For our exercises at JFSC, we are to pretend we're a joint planning staff at a made-up organization called "Africa Command" or AFCOM (currently most African nations fall under the purview of the military's European Command), and we've already had fictionalized wargames/scenarios centered around Tunisia, Algeria, Nigeria, and Sierra Leone. For the Tunisia/Algeria wargame, they pulled three of us aside and asked us to plan the "Red Cell," or enemy war plan, so I was a little out of the loop about what the "blue" team was doing, though it was fun to get creative and pretend that we were Algerian badasses ready to defeat the Americans by any means necessary. I even built an eight-slide powerpoint information operations slide from their spiritual leader to be played on "MSAlgeria-JazeeraBC" (interrupting a broadcast of 'Algerian Idol') to encourage the good people of Tunisia to rise up against their government. After all, they had desecrated one of the holiest sites in all of Muslimdom (I showed a picture of a mosque with fake graffiti on it: "bin Logan is a doo-doo head").

For the Nigerian scenario, they split us up into different roles again, even assigning some to be liaison officers from other countries and encouraging folks to dress up in phone foreign uniforms. But that day I was asked to be the Public Affairs officer and prepare for a press conference, to be video taped in front of actual reporters and journalism students from the local area. So again, I was out of the loop of the actual planning process and the things I was actually supposed to be learning down here. A classmate joked that I should probably take it as a sign that they don't trust me and if I get a crummy job for the next scenario, I'd know for sure.

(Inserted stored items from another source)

lemma similar_perm_mat_diagonal:
  assumes "(2 :: 'a::field) \<noteq> 0"
  shows "similar_mat (perm_mat n \<sigma>) (diagonal_mat n eigensign :: 'a mat)"
proof -
  have left: "eigenbasis_inv * eigenbasis = (1\<^sub>m n :: 'a mat)"
    by (rule eigenbasis_inv_mult_eigenbasis[OF assms])
  then have right: "eigenbasis * eigenbasis_inv = (1\<^sub>m n :: 'a mat)"
    by (rule mat_mult_left_right_inverse[rotated 2]) simp_all
  have "(perm_mat n \<sigma> :: 'a mat) = perm_mat n \<sigma> * (eigenbasis * eigenbasis_inv)"
    by (simp add: right)
  also have "\<dots> = perm_mat n \<sigma> * eigenbasis * eigenbasis_inv"
    by (rule assoc_mult_mat[of _ n n _ n _ n, symmetric]) simp_all
  also have "\<dots> = eigenbasis * diagonal_mat n eigensign * eigenbasis_inv"
    by (simp only: perm_mat_mult_eigenbasis)
  finally have "(perm_mat n \<sigma> :: 'a mat) = eigenbasis * diagonal_mat n eigensign * eigenbasis_inv" .
  moreover have "{perm_mat n \<sigma>, diagonal_mat n eigensign, eigenbasis, eigenbasis_inv} \<subseteq> (carrier_mat n n :: 'a mat set)"
    by simp
  ultimately show ?thesis
    using similar_matI right left by blast
qed

lemma dim_eigenspaces_perm_mat:
  assumes two: "(2 :: 'a::field) \<noteq> 0"
  shows "dim_gen_eigenspace (perm_mat n \<sigma> :: 'a mat) 1 1 = n - card {i. i < n \<and> \<sigma> i < i}"
    and "dim_gen_eigenspace (perm_mat n \<sigma> :: 'a mat) (-1) 1 = card {i. i < n \<and> \<sigma> i < i}"
proof -
  have "(-1 :: 'a) \<noteq> 1"
  proof
    assume "(-1 :: 'a) = 1"
    then have "(2 :: 'a) = 1 + -1"
      by simp
    then show False
      using two by simp
  qed
  then have "{i. i < n \<and> eigensign i = (1 :: 'a)} = {..<n} - {i. i < n \<and> \<sigma> i < i}"
    and "{i. i < n \<and> eigensign i = (-1 :: 'a)} = {i. i < n \<and> \<sigma> i < i}"
    by (auto simp: eigensign_def)
  then show "dim_gen_eigenspace (perm_mat n \<sigma> :: 'a mat) 1 1 = n - card {i. i < n \<and> \<sigma> i < i}"
    and "dim_gen_eigenspace (perm_mat n \<sigma> :: 'a mat) (-1) 1 = card {i. i < n \<and> \<sigma> i < i}"
    by (simp_all add: dim_gen_eigenspace_similar[OF similar_perm_mat_diagonal[OF two]]
        dim_gen_eigenspace_diagonal_mat card_Diff_subset subset_iff)
qed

So yesterday I found out I'm in charge of the whole shootin' match. For a long, three-day exercise next week. Great. A little daunting, though since nothing's graded and everything's done in collaboration, we should do fine. It's also flattering to know the instructors think enough of me to put me in charge, but I still wish I'd had more input in the previous scenarios.

Perhaps I was too clever with my idea during the Nigeria scenario: we had a humanitarian crisis with 100,000 displaced persons getting set up in camps, and the Nigerian government had asked for our help in securing and feeding them, but we also wanted to relay the message to the public at large that we were there on a peaceful mission. So I came up with the perfect solution: edible leaflets.

By the second day we were calling them "LREs" (Leaflets Ready-to-Eat).